Łódź miastem przemysłów kreatywnych? Co to oznacza dla Pana jako eksperta w obszarze przemysłów kreatywnych?

Po pierwsze, przede wszystkim fakt, że dla Łodzi jednym z jej ekonomicznych filarów jest wykorzystanie wielkiego potencjału drzemiącego w osobach kończących kierunki lub też szkoły wyższe o charakterze humanistycznym oraz artystycznym. Dzięki czemu miasto podchodzi do swojego rozwoju w sposób kompleksowy, a nie punktowy. Po drugie, warto zrozumieć, że nowoczesna gospodarka to nie tylko branża IT, biotechnologia, biomedycyna czy szeroko pojęty outsourcing. Po trzecie, należy znaleźć dla siebie specjalizacje, które są mocno eksponowane (film, design/fashion). Po czwarte, opłaca się być ośrodkiem, na którego doświadczeniu mogą uczyć się inne miasta, które zamierzają związać swój rozwój z przemysłami kreatywnymi.
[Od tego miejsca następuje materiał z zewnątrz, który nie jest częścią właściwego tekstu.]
(* Let $\Phi_1,\Phi_2$ be Young functions such that $\Phi_1\prec\Phi_2$, and let $u_1,u_2:\mathbb{R}^n\to(0,\infty)$ be measurable functions such that $u_i(x+y)\le u_i(x)\,u_i(y)$ for all $x,y\in\mathbb{R}^n$, $i=1,2$. Then the following statements are equivalent: (1) $u_1\preceq u_2$; (2) $L^{u_2}_{\Phi_2}(\mathbb{R}^n)\subseteq L^{u_1}_{\Phi_1}(\mathbb{R}^n)$; (3) there exists a constant $C>0$ such that $\|f\|_{L^{u_1}_{\Phi_1}(\mathbb{R}^n)}\le C\|f\|_{L^{u_2}_{\Phi_2}(\mathbb{R}^n)}$ for every $f\in L^{u_2}_{\Phi_2}(\mathbb{R}^n)$.
   Context: A Young function is a map $\Phi:[0,\infty)\to[0,\infty)$ that is convex, left-continuous, satisfies $\lim_{t\to0}\Phi(t)=0=\Phi(0)$ and $\lim_{t\to\infty}\Phi(t)=\infty$. For Young functions, $\Phi_1\prec\Phi_2$ means there is $C>0$ with $\Phi_1(t)\le\Phi_2(Ct)$ for all $t>0$. For $u_1,u_2:\mathbb{R}^n\to(0,\infty)$, $u_1\preceq u_2$ means there is $C>0$ with $u_1(x)\le Cu_2(x)$ for all $x\in\mathbb{R}^n$. For a Young function $\Phi$ and a measurable $u:\mathbb{R}^n\to(0,\infty)$, the weighted Orlicz space $L^u_\Phi(\mathbb{R}^n)$ is the set of measurable $f:\mathbb{R}^n\to\mathbb{R}$ such that $\int_{\mathbb{R}^n}\Phi(a|u(x)f(x)|)\,dx<\infty$ for some $a>0$, with norm $\|f\|_{L^u_\Phi(\mathbb{R}^n)}=\inf\{b>0:\int_{\mathbb{R}^n}\Phi(|u(x)f(x)|/b)\,dx\le1\}$ (Lebesgue measure). *)

theory Defs
  imports "HOL-Analysis.Analysis"
begin

definition young_function :: "(real \<Rightarrow> real) \<Rightarrow> bool" where
  "young_function \<Phi> \<longleftrightarrow>
     (\<forall>t\<ge>0. \<Phi> t \<ge> 0) \<and>
     convex_on {0..} \<Phi> \<and>
     (\<forall>t>0. (\<Phi> \<longlongrightarrow> \<Phi> t) (at_left t)) \<and>
     \<Phi> 0 = 0 \<and> (\<Phi> \<longlongrightarrow> 0) (at_right 0) \<and>
     filterlim \<Phi> at_top at_top"

definition young_prec :: "(real \<Rightarrow> real) \<Rightarrow> (real \<Rightarrow> real) \<Rightarrow> bool" where
  "young_prec \<Phi>1 \<Phi>2 \<longleftrightarrow> (\<exists>C>0. \<forall>t>0. \<Phi>1 t \<le> \<Phi>2 (C * t))"

definition weight_preceq :: "('a \<Rightarrow> real) \<Rightarrow> ('a \<Rightarrow> real) \<Rightarrow> bool" where
  "weight_preceq u1 u2 \<longleftrightarrow> (\<exists>C>0. \<forall>x. u1 x \<le> C * u2 x)"

definition weighted_orlicz :: "(real \<Rightarrow> real) \<Rightarrow> ('a::euclidean_space \<Rightarrow> real) \<Rightarrow> ('a \<Rightarrow> real) set" where
  "weighted_orlicz \<Phi> u = {f. f \<in> borel_measurable lebesgue \<and>
     (\<exists>a>0. (\<integral>\<^sup>+ x. ennreal (\<Phi> (a * \<bar>u x * f x\<bar>)) \<partial>lebesgue) < \<infinity>)}"

text \<open>Luxemburg norm, with value infinity when no admissible b exists.\<close>
definition weighted_orlicz_norm :: "(real \<Rightarrow> real) \<Rightarrow> ('a::euclidean_space \<Rightarrow> real) \<Rightarrow> ('a \<Rightarrow> real) \<Rightarrow> ereal" where
  "weighted_orlicz_norm \<Phi> u f = Inf {ereal b | b. b > 0 \<and>
     (\<integral>\<^sup>+ x. ennreal (\<Phi> (\<bar>u x * f x\<bar> / b)) \<partial>lebesgue) \<le> 1}"

end

theory Submission
  imports Defs
begin
text \<open>For finite \<open>A\<close>, \<open>B\<close> let \<open>\<partial>\<^sub>A B\<close> (\<open>outer_boundary\<close>) be the set of \<open>x \<notin> B\<close> whose right translate
  \<open>A x\<close> meets \<open>B\<close>. The Folner property makes \<open>|\<partial>\<^sub>A W\<^sub>n| / |W\<^sub>n|\<close> tend to 0 for each fixed \<open>A\<close>,
  so one can pick a subsequence \<open>V\<^sub>k\<close> of \<open>W\<close> with \<open>\<Sum>\<^sub>l\<^sub><\<^sub>k |\<partial>\<^bsub>V\<^sub>l\<^esub> V\<^sub>k| |V\<^sub>l| \<le> |V\<^sub>k| / 2\<close>.
  In an incremental family \<open>V\<^bsub>n(i)\<^esub> f\<^sub>i\<close> call \<open>i\<close> good if its translate misses every earlier
  translate of a different shape. A bad translate meets an earlier \<open>V\<^bsub>n(j)\<^esub> f\<^sub>j\<close> with
  \<open>n(j) > n(i)\<close> without containing \<open>f\<^sub>i\<close>, which forces \<open>f\<^sub>i \<in> (\<partial>\<^bsub>V\<^bsub>n(i)\<^esub>\<^esub> V\<^bsub>n(j)\<^esub>) f\<^sub>j\<close>; since the \<open>f\<^sub>i\<close> are
  distinct, the bad indices carry at most half of \<open>\<Sum> |V\<^bsub>n(i)\<^esub>|\<close>. Good translates of different
  shapes are disjoint and those of one shape are \<open>C\<close>-filling, so the union of the family has
  at least \<open>C/2 \<cdot> \<Sum> |V\<^bsub>n(i)\<^esub> f\<^sub>i|\<close> elements.\<close>

lemma sum_UN_le:
  fixes g :: "'a \<Rightarrow> 'b::ordered_comm_monoid_add"
  assumes "finite A" "\<And>a. a \<in> A \<Longrightarrow> finite (B a)" "\<And>x. 0 \<le> g x"
  shows "sum g (\<Union>a\<in>A. B a) \<le> (\<Sum>a\<in>A. sum g (B a))"
  using assms(1,2)
proof (induction A rule: finite_induct)
  case (insert a A)
  then have "finite (\<Union>a\<in>A. B a)" by blast
  have "sum g (B a \<union> (\<Union>a\<in>A. B a)) = sum g (B a) + sum g ((\<Union>a\<in>A. B a) - B a)"
    using insert.prems \<open>finite (\<Union>a\<in>A. B a)\<close>
    by (subst Un_Diff_cancel[symmetric], subst sum.union_disjoint) auto
  also have "\<dots> \<le> sum g (B a) + sum g (\<Union>a\<in>A. B a)"
    using \<open>finite (\<Union>a\<in>A. B a)\<close> assms(3) by (intro add_left_mono sum_mono2) auto
  also have "\<dots> \<le> sum g (B a) + (\<Sum>a\<in>A. sum g (B a))"
    using insert by (intro add_left_mono) auto
  finally show ?case using insert.hyps by simp
qed simp

lemma finite_l_coset: "finite B \<Longrightarrow> finite (a <#\<^bsub>G\<^esub> B)"
  unfolding l_coset_def by simp

lemma finite_r_coset: "finite B \<Longrightarrow> finite (B #>\<^bsub>G\<^esub> a)"
  unfolding r_coset_def by simp

lemma (in group) card_r_coset: "H \<subseteq> carrier G \<Longrightarrow> a \<in> carrier G \<Longrightarrow> card (H #> a) = card H"
  by (metis card_rcosets_equal rcosetsI)

definition outer_boundary :: "('a, 'b) monoid_scheme \<Rightarrow> 'a set \<Rightarrow> 'a set \<Rightarrow> 'a set" where
  "outer_boundary G A B = {x \<in> carrier G. x \<notin> B \<and> (\<exists>a\<in>A. a \<otimes>\<^bsub>G\<^esub> x \<in> B)}"

lemma outer_boundary_subset_carrier: "outer_boundary G A B \<subseteq> carrier G"
  unfolding outer_boundary_def by blast

lemma outer_boundary_mono: "A \<subseteq> A' \<Longrightarrow> outer_boundary G A B \<subseteq> outer_boundary G A' B"
  unfolding outer_boundary_def by blast

lemma (in group) outer_boundary_subset:
  assumes "A \<subseteq> carrier G"
  shows "outer_boundary G A B \<subseteq> (\<Union>a\<in>A. (inv a <# B) - B)"
proof
  fix x assume "x \<in> outer_boundary G A B"
  then obtain a where a: "a \<in> A" "a \<otimes> x \<in> B" and x: "x \<in> carrier G" "x \<notin> B"
    by (auto simp: outer_boundary_def)
  have "a \<in> carrier G" using a(1) assms by blast
  then have "x = inv a \<otimes> (a \<otimes> x)" using x(1) by (simp add: m_assoc[symmetric])
  then have "x \<in> inv a <# B" using a(2) unfolding l_coset_def by blast
  then show "x \<in> (\<Union>a\<in>A. (inv a <# B) - B)" using a(1) x(2) by blast
qed

lemma (in group) finite_outer_boundary:
  "A \<subseteq> carrier G \<Longrightarrow> finite A \<Longrightarrow> finite B \<Longrightarrow> finite (outer_boundary G A B)"
  using outer_boundary_subset by (meson finite_Diff finite_UN_I finite_l_coset finite_subset)

lemma (in group) card_outer_boundary_le:
  assumes "A \<subseteq> carrier G" "finite A" "finite B"
  shows "card (outer_boundary G A B) \<le> (\<Sum>a\<in>A. card ((B - (inv a <# B)) \<union> ((inv a <# B) - B)))"
proof -
  have "card (outer_boundary G A B) \<le> card (\<Union>a\<in>A. (inv a <# B) - B)"
    using assms outer_boundary_subset by (intro card_mono) (auto simp: finite_l_coset)
  also have "\<dots> \<le> (\<Sum>a\<in>A. card ((inv a <# B) - B))"
    using assms(2) by (rule card_UN_le)
  also have "\<dots> \<le> (\<Sum>a\<in>A. card ((B - (inv a <# B)) \<union> ((inv a <# B) - B)))"
    using assms(3) by (intro sum_mono card_mono) (auto simp: finite_l_coset)
  finally show ?thesis .
qed

lemma (in group) rcos_meet_imp_outer_boundary:
  assumes "A \<subseteq> carrier G" "B \<subseteq> carrier G" "x \<in> carrier G" "y \<in> carrier G"
    and "(A #> x) \<inter> (B #> y) \<noteq> {}" "x \<notin> B #> y"
  shows "x \<in> outer_boundary G A B #> y"
proof -
  obtain a b where a: "a \<in> A" and b: "b \<in> B" and ab: "a \<otimes> x = b \<otimes> y"
    using assms(5) unfolding r_coset_def by auto
  define z where "z = x \<otimes> inv y"
  have z: "z \<in> carrier G" "x = z \<otimes> y" using assms(3,4) by (auto simp: z_def m_assoc)
  have ac: "a \<in> carrier G" and bc: "b \<in> carrier G" using a b assms(1,2) by auto
  have "a \<otimes> z = (a \<otimes> x) \<otimes> inv y" using ac assms(3,4) by (simp add: z_def m_assoc)
  also have "\<dots> = b" using ab bc assms(4) by (simp add: m_assoc)
  finally have "a \<otimes> z = b" .
  moreover have "z \<notin> B" using assms(6) z(2) unfolding r_coset_def by blast
  ultimately have "z \<in> outer_boundary G A B" using a b z(1) unfolding outer_boundary_def by blast
  then show ?thesis using z(2) unfolding r_coset_def by blast
qed

lemma (in group) card_outer_boundary_times_card_mono:
  assumes "A \<subseteq> A'" "A' \<subseteq> carrier G" "finite A'" "finite B"
  shows "real (card (outer_boundary G A B)) * real (card A)
    \<le> real (card (outer_boundary G A' B)) * real (card A')"
proof -
  have "card (outer_boundary G A B) \<le> card (outer_boundary G A' B)"
    using assms by (intro card_mono finite_outer_boundary outer_boundary_mono)
  moreover have "card A \<le> card A'" using assms by (intro card_mono)
  ultimately show ?thesis by (intro mult_mono) auto
qed

lemma (in group) folner_seq_eventually_small_outer_boundary:
  assumes "folner_seq G W" "finite A" "A \<subseteq> carrier G" "\<epsilon> > 0"
  shows "\<forall>\<^sub>F n in sequentially. real (card (outer_boundary G A (W n))) \<le> \<epsilon> * real (card (W n))"
proof -
  define r where "r a n = real (card ((W n - (inv a <# W n)) \<union> ((inv a <# W n) - W n))) / real (card (W n))"
    for a n
  have W: "finite (W n)" "W n \<noteq> {}" for n
    using assms(1) by (auto simp: folner_seq_def)
  have "r a \<longlonglongrightarrow> 0" if "a \<in> A" for a
    using assms(1,3) that unfolding folner_seq_def r_def by blast
  then have "(\<lambda>n. \<Sum>a\<in>A. r a n) \<longlonglongrightarrow> 0" by (rule tendsto_null_sum)
  then have "\<forall>\<^sub>F n in sequentially. (\<Sum>a\<in>A. r a n) < \<epsilon>" using assms(4) by (rule order_tendstoD(2))
  then show ?thesis
  proof eventually_elim
    case (elim n)
    have pos: "real (card (W n)) > 0" using W by (simp add: card_gt_0_iff)
    have "real (card (outer_boundary G A (W n))) \<le> real (card (W n)) * (\<Sum>a\<in>A. r a n)"
      using card_outer_boundary_le[OF assms(3,2) W(1)] pos
      by (simp add: r_def sum_distrib_left flip: of_nat_sum)
    also have "\<dots> \<le> \<epsilon> * real (card (W n))" using elim pos by simp
    finally show ?case .
  qed
qed

lemma (in group) folner_seq_exists_later_small_outer_boundary:
  assumes "folner_seq G W" "c > 0"
  shows "\<exists>y>x. c * (real (card (outer_boundary G (W x) (W y))) * real (card (W x))) \<le> real (card (W y))"
proof -
  have W: "finite (W x)" "W x \<subseteq> carrier G"
    using assms(1) by (auto simp: folner_seq_def)
  define a where "a = real (card (W x))"
  define \<epsilon> where "\<epsilon> = 1 / (c * (a + 1))"
  have a: "a \<ge> 0" by (simp add: a_def)
  have "\<forall>\<^sub>F y in sequentially. x < y \<and> real (card (outer_boundary G (W x) (W y))) \<le> \<epsilon> * real (card (W y))"
    using eventually_gt_at_top folner_seq_eventually_small_outer_boundary[OF assms(1) W]
    by (rule eventually_conj) (use assms(2) a in \<open>simp add: \<epsilon>_def\<close>)
  then obtain y where y: "x < y" "real (card (outer_boundary G (W x) (W y))) \<le> \<epsilon> * real (card (W y))"
    using eventually_happens'[OF sequentially_bot] by blast
  have "c * (real (card (outer_boundary G (W x) (W y))) * a) \<le> c * (\<epsilon> * real (card (W y)) * a)"
    using y(2) assms(2) a by (intro mult_left_mono mult_right_mono) auto
  also have "\<dots> = real (card (W y)) * (a / (a + 1))"
  proof -
    have "a + 1 \<noteq> 0" "c \<noteq> 0" using assms(2) a by linarith+
    then show ?thesis by (simp add: \<epsilon>_def divide_simps)
  qed
  also have "\<dots> \<le> real (card (W y))"
    using a by (intro mult_left_le) auto
  finally show ?thesis using y(1) unfolding a_def by blast
qed

definition small_outer_boundaries :: "('a, 'b) monoid_scheme \<Rightarrow> (nat \<Rightarrow> 'a set) \<Rightarrow> bool" where
  "small_outer_boundaries G V \<longleftrightarrow> (\<forall>k.
     (\<Sum>l<k. real (card (outer_boundary G (V l) (V k))) * real (card (V l))) \<le> real (card (V k)) / 2)"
Patrząc z perspektywy mieszkańca Szczecina, czym Łódź wyróżnia się na tle innych miast, budujących wizerunek w oparciu o wybrane branże sektora, kulturę czy sztukę?
 

Po prostu w waszym mieście zauważono, że kultura może mieć ogromny wpływ na rozwój miasta w wielu jego sferach, m.in: społecznej (rewitalizacja, tworzenie dobrego klimatu), ekonomicznej, budowaniu wizerunku, oraz turystyce. Na szczęście nie jest to wyłącznie pusty slogan. Odnoszę wrażenie, że to jest coś głębszego aniżeli czysty marketing, którego rola sprowadza się także do sprzedawania nieciekawych rzeczy w atrakcyjnej formie. W Łodzi dochodzi do przemiany. Dla przykładu w latach 90. słowo street art kojarzyło się w Polsce głównie z dwoma ośrodkami: Szczecinem oraz Warszawą. Obecnie prym w sztuce ulicznej wiedzie Łódź, dzięki świetnym działaniom fundacji Urban Forms. Jest to dostrzegane zarówno w kraju, jak i za granicą.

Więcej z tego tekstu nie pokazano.